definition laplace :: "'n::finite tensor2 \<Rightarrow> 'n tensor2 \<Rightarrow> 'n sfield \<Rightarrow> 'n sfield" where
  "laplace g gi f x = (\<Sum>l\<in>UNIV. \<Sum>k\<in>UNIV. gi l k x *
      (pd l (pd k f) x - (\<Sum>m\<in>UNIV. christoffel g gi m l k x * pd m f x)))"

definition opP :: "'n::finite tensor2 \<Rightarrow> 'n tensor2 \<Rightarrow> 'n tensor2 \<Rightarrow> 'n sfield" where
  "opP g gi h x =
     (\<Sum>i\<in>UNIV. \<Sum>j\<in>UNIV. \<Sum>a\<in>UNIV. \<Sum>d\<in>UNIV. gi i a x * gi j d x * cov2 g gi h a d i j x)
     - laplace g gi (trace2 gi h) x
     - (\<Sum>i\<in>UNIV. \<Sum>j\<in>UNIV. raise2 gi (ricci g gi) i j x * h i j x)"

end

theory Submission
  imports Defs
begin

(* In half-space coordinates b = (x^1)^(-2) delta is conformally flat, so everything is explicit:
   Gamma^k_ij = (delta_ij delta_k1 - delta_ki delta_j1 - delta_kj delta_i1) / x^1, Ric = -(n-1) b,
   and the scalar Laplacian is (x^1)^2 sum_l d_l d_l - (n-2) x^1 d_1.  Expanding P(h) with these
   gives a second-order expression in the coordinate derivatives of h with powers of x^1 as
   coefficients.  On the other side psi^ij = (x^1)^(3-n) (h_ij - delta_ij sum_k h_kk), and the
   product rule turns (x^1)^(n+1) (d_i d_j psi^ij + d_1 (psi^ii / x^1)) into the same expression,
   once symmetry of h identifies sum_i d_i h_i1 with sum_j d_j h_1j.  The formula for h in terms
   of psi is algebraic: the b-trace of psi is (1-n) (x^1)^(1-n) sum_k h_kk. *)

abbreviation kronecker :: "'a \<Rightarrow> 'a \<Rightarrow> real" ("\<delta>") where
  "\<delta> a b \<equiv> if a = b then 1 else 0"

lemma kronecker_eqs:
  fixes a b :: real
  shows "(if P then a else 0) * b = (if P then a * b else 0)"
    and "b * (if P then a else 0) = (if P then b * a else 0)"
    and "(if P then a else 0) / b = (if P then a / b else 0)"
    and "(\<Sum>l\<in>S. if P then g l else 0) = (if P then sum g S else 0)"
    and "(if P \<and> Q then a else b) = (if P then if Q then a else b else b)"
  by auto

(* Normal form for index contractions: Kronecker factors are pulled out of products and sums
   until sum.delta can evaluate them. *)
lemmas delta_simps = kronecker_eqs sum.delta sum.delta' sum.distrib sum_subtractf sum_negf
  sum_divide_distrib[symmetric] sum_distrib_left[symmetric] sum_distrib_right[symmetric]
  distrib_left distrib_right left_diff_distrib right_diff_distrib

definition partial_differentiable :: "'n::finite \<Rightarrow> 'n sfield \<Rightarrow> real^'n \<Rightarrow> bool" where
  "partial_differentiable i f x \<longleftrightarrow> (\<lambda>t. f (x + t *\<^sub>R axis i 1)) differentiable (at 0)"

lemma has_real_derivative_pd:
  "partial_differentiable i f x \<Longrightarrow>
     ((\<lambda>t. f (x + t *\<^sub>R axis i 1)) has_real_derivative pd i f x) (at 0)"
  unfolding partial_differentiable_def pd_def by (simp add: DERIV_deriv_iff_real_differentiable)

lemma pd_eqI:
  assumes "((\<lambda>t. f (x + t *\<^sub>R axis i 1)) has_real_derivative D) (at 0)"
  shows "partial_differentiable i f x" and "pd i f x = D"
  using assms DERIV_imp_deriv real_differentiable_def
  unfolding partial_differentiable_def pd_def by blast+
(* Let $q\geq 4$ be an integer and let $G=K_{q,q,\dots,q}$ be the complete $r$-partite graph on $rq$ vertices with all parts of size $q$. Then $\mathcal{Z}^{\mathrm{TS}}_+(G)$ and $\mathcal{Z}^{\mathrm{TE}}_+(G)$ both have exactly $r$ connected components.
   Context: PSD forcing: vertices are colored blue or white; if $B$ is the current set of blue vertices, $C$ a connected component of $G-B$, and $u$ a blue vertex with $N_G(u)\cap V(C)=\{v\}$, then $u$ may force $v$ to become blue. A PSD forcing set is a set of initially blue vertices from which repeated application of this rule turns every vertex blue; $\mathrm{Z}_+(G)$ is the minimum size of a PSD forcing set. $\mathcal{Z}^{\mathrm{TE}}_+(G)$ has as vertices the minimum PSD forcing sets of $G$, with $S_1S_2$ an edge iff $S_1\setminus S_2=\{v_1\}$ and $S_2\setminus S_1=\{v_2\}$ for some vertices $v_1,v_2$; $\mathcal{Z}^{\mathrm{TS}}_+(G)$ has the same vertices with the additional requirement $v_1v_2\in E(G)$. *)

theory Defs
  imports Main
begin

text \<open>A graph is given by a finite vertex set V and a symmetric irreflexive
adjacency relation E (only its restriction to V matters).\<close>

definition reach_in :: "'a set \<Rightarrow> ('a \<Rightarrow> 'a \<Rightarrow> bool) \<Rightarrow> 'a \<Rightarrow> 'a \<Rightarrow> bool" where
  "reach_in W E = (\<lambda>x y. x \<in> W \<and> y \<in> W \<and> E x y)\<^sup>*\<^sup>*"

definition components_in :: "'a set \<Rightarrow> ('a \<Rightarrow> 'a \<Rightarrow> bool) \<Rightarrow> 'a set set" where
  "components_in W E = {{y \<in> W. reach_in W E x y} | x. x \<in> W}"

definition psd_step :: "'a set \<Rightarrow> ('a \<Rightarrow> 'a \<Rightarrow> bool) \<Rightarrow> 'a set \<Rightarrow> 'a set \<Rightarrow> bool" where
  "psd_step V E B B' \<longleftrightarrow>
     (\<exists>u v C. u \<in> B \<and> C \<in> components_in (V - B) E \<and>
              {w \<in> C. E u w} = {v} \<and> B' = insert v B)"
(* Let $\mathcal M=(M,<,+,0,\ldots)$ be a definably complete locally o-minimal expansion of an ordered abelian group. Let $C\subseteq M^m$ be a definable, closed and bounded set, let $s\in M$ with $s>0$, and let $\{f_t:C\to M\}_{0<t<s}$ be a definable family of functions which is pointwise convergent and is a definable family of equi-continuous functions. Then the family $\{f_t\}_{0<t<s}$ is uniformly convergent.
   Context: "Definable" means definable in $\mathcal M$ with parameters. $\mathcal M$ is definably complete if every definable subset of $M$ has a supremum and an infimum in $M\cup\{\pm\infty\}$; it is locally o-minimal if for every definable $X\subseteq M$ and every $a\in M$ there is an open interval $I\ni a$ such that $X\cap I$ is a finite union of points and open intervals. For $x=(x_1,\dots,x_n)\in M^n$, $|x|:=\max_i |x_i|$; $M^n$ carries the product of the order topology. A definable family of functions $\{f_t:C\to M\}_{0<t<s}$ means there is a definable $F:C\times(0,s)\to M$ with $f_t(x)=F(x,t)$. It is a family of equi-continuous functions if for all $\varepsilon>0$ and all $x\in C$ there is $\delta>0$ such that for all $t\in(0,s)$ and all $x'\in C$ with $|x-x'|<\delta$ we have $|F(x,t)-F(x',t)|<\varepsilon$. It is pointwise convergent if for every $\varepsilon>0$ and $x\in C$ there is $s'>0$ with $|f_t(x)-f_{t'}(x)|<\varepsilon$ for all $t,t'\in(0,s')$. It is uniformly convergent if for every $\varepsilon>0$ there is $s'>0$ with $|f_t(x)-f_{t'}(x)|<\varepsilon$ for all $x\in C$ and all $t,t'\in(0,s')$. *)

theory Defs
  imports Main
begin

------------------------------

__PROBLEM__:
Transcribe the records in full, keeping every character as it is.

__TASK OUTPUT__:
definition laplace :: "'n::finite tensor2 \<Rightarrow> 'n tensor2 \<Rightarrow> 'n sfield \<Rightarrow> 'n sfield" where
  "laplace g gi f x = (\<Sum>l\<in>UNIV. \<Sum>k\<in>UNIV. gi l k x *
      (pd l (pd k f) x - (\<Sum>m\<in>UNIV. christoffel g gi m l k x * pd m f x)))"

definition opP :: "'n::finite tensor2 \<Rightarrow> 'n tensor2 \<Rightarrow> 'n tensor2 \<Rightarrow> 'n sfield" where
  "opP g gi h x =
     (\<Sum>i\<in>UNIV. \<Sum>j\<in>UNIV. \<Sum>a\<in>UNIV. \<Sum>d\<in>UNIV. gi i a x * gi j d x * cov2 g gi h a d i j x)
     - laplace g gi (trace2 gi h) x
     - (\<Sum>i\<in>UNIV. \<Sum>j\<in>UNIV. raise2 gi (ricci g gi) i j x * h i j x)"

end

theory Submission
  imports Defs
begin

(* In half-space coordinates b = (x^1)^(-2) delta is conformally flat, so everything is explicit:
   Gamma^k_ij = (delta_ij delta_k1 - delta_ki delta_j1 - delta_kj delta_i1) / x^1, Ric = -(n-1) b,
   and the scalar Laplacian is (x^1)^2 sum_l d_l d_l - (n-2) x^1 d_1.  Expanding P(h) with these
   gives a second-order expression in the coordinate derivatives of h with powers of x^1 as
   coefficients.  On the other side psi^ij = (x^1)^(3-n) (h_ij - delta_ij sum_k h_kk), and the
   product rule turns (x^1)^(n+1) (d_i d_j psi^ij + d_1 (psi^ii / x^1)) into the same expression,
   once symmetry of h identifies sum_i d_i h_i1 with sum_j d_j h_1j.  The formula for h in terms
   of psi is algebraic: the b-trace of psi is (1-n) (x^1)^(1-n) sum_k h_kk. *)

abbreviation kronecker :: "'a \<Rightarrow> 'a \<Rightarrow> real" ("\<delta>") where
  "\<delta> a b \<equiv> if a = b then 1 else 0"

lemma kronecker_eqs:
  fixes a b :: real
  shows "(if P then a else 0) * b = (if P then a * b else 0)"
    and "b * (if P then a else 0) = (if P then b * a else 0)"
    and "(if P then a else 0) / b = (if P then a / b else 0)"
    and "(\<Sum>l\<in>S. if P then g l else 0) = (if P then sum g S else 0)"
    and "(if P \<and> Q then a else b) = (if P then if Q then a else b else b)"
  by auto

(* Normal form for index contractions: Kronecker factors are pulled out of products and sums
   until sum.delta can evaluate them. *)
lemmas delta_simps = kronecker_eqs sum.delta sum.delta' sum.distrib sum_subtractf sum_negf
  sum_divide_distrib[symmetric] sum_distrib_left[symmetric] sum_distrib_right[symmetric]
  distrib_left distrib_right left_diff_distrib right_diff_distrib

definition partial_differentiable :: "'n::finite \<Rightarrow> 'n sfield \<Rightarrow> real^'n \<Rightarrow> bool" where
  "partial_differentiable i f x \<longleftrightarrow> (\<lambda>t. f (x + t *\<^sub>R axis i 1)) differentiable (at 0)"

lemma has_real_derivative_pd:
  "partial_differentiable i f x \<Longrightarrow>
     ((\<lambda>t. f (x + t *\<^sub>R axis i 1)) has_real_derivative pd i f x) (at 0)"
  unfolding partial_differentiable_def pd_def by (simp add: DERIV_deriv_iff_real_differentiable)

lemma pd_eqI:
  assumes "((\<lambda>t. f (x + t *\<^sub>R axis i 1)) has_real_derivative D) (at 0)"
  shows "partial_differentiable i f x" and "pd i f x = D"
  using assms DERIV_imp_deriv real_differentiable_def
  unfolding partial_differentiable_def pd_def by blast+
(* Let $q\geq 4$ be an integer and let $G=K_{q,q,\dots,q}$ be the complete $r$-partite graph on $rq$ vertices with all parts of size $q$. Then $\mathcal{Z}^{\mathrm{TS}}_+(G)$ and $\mathcal{Z}^{\mathrm{TE}}_+(G)$ both have exactly $r$ connected components.
   Context: PSD forcing: vertices are colored blue or white; if $B$ is the current set of blue vertices, $C$ a connected component of $G-B$, and $u$ a blue vertex with $N_G(u)\cap V(C)=\{v\}$, then $u$ may force $v$ to become blue. A PSD forcing set is a set of initially blue vertices from which repeated application of this rule turns every vertex blue; $\mathrm{Z}_+(G)$ is the minimum size of a PSD forcing set. $\mathcal{Z}^{\mathrm{TE}}_+(G)$ has as vertices the minimum PSD forcing sets of $G$, with $S_1S_2$ an edge iff $S_1\setminus S_2=\{v_1\}$ and $S_2\setminus S_1=\{v_2\}$ for some vertices $v_1,v_2$; $\mathcal{Z}^{\mathrm{TS}}_+(G)$ has the same vertices with the additional requirement $v_1v_2\in E(G)$. *)

theory Defs
  imports Main
begin

text \<open>A graph is given by a finite vertex set V and a symmetric irreflexive
adjacency relation E (only its restriction to V matters).\<close>

definition reach_in :: "'a set \<Rightarrow> ('a \<Rightarrow> 'a \<Rightarrow> bool) \<Rightarrow> 'a \<Rightarrow> 'a \<Rightarrow> bool" where
  "reach_in W E = (\<lambda>x y. x \<in> W \<and> y \<in> W \<and> E x y)\<^sup>*\<^sup>*"

definition components_in :: "'a set \<Rightarrow> ('a \<Rightarrow> 'a \<Rightarrow> bool) \<Rightarrow> 'a set set" where
  "components_in W E = {{y \<in> W. reach_in W E x y} | x. x \<in> W}"

definition psd_step :: "'a set \<Rightarrow> ('a \<Rightarrow> 'a \<Rightarrow> bool) \<Rightarrow> 'a set \<Rightarrow> 'a set \<Rightarrow> bool" where
  "psd_step V E B B' \<longleftrightarrow>
     (\<exists>u v C. u \<in> B \<and> C \<in> components_in (V - B) E \<and>
              {w \<in> C. E u w} = {v} \<and> B' = insert v B)"
(* Let $\mathcal M=(M,<,+,0,\ldots)$ be a definably complete locally o-minimal expansion of an ordered abelian group. Let $C\subseteq M^m$ be a definable, closed and bounded set, let $s\in M$ with $s>0$, and let $\{f_t:C\to M\}_{0<t<s}$ be a definable family of functions which is pointwise convergent and is a definable family of equi-continuous functions. Then the family $\{f_t\}_{0<t<s}$ is uniformly convergent.
   Context: "Definable" means definable in $\mathcal M$ with parameters. $\mathcal M$ is definably complete if every definable subset of $M$ has a supremum and an infimum in $M\cup\{\pm\infty\}$; it is locally o-minimal if for every definable $X\subseteq M$ and every $a\in M$ there is an open interval $I\ni a$ such that $X\cap I$ is a finite union of points and open intervals. For $x=(x_1,\dots,x_n)\in M^n$, $|x|:=\max_i |x_i|$; $M^n$ carries the product of the order topology. A definable family of functions $\{f_t:C\to M\}_{0<t<s}$ means there is a definable $F:C\times(0,s)\to M$ with $f_t(x)=F(x,t)$. It is a family of equi-continuous functions if for all $\varepsilon>0$ and all $x\in C$ there is $\delta>0$ such that for all $t\in(0,s)$ and all $x'\in C$ with $|x-x'|<\delta$ we have $|F(x,t)-F(x',t)|<\varepsilon$. It is pointwise convergent if for every $\varepsilon>0$ and $x\in C$ there is $s'>0$ with $|f_t(x)-f_{t'}(x)|<\varepsilon$ for all $t,t'\in(0,s')$. It is uniformly convergent if for every $\varepsilon>0$ there is $s'>0$ with $|f_t(x)-f_{t'}(x)|<\varepsilon$ for all $x\in C$ and all $t,t'\in(0,s')$. *)

theory Defs
  imports Main
begin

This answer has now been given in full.